_Try it_
Below is a listing from which only part is wanted; return exactly the lines from the one with "by (simp add: Yp_def dom_op_sub" up to and including the one with "text \<open>A syzygy".

————

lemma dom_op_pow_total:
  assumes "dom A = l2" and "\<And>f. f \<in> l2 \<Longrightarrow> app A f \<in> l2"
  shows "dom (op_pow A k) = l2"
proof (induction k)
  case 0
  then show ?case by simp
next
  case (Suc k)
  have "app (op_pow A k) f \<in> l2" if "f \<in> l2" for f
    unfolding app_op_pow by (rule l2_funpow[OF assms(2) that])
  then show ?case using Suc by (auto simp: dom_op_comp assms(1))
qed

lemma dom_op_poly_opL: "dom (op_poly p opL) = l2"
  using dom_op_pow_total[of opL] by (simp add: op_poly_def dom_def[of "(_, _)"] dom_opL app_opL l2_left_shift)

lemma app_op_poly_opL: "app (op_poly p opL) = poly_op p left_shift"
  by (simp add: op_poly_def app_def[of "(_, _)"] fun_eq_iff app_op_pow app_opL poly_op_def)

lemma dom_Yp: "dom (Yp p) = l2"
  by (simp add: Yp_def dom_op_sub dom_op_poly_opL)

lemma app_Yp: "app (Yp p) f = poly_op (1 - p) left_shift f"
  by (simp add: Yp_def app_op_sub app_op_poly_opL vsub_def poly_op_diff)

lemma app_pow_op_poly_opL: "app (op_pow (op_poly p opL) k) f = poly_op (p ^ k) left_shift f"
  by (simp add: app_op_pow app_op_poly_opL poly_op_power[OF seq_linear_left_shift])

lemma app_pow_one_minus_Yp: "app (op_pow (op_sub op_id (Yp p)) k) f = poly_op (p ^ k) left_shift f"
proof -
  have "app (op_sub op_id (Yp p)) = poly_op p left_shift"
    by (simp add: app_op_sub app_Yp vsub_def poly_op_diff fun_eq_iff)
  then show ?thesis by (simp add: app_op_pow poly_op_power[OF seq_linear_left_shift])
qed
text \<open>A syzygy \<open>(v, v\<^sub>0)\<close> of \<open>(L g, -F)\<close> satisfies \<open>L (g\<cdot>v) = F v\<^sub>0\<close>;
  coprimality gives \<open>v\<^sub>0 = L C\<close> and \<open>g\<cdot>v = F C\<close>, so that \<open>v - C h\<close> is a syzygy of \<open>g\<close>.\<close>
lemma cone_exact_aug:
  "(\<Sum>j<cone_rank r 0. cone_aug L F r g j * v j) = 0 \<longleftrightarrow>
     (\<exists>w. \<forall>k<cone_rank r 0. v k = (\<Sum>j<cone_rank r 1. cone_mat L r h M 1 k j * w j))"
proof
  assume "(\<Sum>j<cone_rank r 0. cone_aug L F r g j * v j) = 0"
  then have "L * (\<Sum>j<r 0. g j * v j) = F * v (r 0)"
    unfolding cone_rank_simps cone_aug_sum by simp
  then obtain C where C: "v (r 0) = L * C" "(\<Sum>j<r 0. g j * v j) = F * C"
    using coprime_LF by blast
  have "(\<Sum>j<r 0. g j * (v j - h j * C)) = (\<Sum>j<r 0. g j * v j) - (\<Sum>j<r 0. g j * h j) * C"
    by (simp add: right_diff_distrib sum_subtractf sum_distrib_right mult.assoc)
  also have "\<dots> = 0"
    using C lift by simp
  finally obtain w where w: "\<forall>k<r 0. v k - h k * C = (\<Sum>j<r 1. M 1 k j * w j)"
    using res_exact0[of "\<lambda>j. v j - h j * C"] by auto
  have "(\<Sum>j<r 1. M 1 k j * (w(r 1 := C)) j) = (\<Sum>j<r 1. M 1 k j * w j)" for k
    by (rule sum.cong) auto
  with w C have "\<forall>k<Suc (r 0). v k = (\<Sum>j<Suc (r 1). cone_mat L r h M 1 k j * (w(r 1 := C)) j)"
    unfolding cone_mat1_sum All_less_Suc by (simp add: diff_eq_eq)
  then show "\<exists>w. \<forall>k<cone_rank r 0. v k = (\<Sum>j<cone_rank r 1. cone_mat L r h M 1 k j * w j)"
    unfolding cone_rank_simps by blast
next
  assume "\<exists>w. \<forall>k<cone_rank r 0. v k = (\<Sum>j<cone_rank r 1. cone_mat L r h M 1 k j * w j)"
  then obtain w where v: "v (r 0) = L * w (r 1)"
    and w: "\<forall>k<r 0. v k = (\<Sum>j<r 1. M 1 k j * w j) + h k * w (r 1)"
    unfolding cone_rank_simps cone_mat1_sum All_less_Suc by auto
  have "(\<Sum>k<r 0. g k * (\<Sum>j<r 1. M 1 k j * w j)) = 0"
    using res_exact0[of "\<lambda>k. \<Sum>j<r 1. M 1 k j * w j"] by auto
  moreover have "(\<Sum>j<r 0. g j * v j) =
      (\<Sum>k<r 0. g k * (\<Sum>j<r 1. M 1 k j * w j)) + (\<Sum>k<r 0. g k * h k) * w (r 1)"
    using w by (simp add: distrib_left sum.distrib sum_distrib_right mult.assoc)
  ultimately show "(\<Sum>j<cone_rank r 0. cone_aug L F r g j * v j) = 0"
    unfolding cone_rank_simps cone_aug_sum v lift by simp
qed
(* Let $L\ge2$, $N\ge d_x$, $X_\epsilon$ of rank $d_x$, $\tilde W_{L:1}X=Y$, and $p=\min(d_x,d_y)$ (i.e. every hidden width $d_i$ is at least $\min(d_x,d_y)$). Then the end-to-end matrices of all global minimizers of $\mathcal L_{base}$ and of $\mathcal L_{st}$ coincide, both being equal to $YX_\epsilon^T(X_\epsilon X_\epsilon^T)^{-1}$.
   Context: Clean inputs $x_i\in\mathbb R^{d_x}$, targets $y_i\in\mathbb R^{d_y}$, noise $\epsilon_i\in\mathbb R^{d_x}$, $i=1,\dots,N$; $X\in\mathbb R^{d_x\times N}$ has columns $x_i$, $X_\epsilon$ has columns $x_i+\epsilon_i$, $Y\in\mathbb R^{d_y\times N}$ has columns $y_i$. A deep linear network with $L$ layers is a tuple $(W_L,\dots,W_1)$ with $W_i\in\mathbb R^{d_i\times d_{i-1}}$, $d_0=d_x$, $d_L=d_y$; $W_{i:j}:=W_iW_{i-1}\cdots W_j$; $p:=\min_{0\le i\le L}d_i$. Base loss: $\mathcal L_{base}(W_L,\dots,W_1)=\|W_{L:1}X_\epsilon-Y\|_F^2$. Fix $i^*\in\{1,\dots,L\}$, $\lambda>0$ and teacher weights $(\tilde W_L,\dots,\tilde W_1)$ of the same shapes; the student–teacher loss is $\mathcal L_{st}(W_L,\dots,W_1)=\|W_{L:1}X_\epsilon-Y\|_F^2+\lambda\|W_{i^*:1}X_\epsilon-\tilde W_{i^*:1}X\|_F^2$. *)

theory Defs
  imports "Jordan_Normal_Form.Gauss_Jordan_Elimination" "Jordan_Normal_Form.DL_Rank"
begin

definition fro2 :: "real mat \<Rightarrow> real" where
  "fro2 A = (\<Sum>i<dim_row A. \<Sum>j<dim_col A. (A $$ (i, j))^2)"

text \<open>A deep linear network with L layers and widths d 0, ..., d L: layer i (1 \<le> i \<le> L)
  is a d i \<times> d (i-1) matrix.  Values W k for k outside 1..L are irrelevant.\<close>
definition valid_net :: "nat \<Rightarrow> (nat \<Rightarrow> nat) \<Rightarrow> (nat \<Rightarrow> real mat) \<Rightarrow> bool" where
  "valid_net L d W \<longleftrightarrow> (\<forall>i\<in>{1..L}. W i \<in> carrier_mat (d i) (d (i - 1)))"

————

_Exercise output_
  by (simp add: Yp_def dom_op_sub dom_op_poly_opL)

lemma app_Yp: "app (Yp p) f = poly_op (1 - p) left_shift f"
  by (simp add: Yp_def app_op_sub app_op_poly_opL vsub_def poly_op_diff)

lemma app_pow_op_poly_opL: "app (op_pow (op_poly p opL) k) f = poly_op (p ^ k) left_shift f"
  by (simp add: app_op_pow app_op_poly_opL poly_op_power[OF seq_linear_left_shift])

lemma app_pow_one_minus_Yp: "app (op_pow (op_sub op_id (Yp p)) k) f = poly_op (p ^ k) left_shift f"
proof -
  have "app (op_sub op_id (Yp p)) = poly_op p left_shift"
    by (simp add: app_op_sub app_Yp vsub_def poly_op_diff fun_eq_iff)
  then show ?thesis by (simp add: app_op_pow poly_op_power[OF seq_linear_left_shift])
qed
text \<open>A syzygy \<open>(v, v\<^sub>0)\<close> of \<open>(L g, -F)\<close> satisfies \<open>L (g\<cdot>v) = F v\<^sub>0\<close>;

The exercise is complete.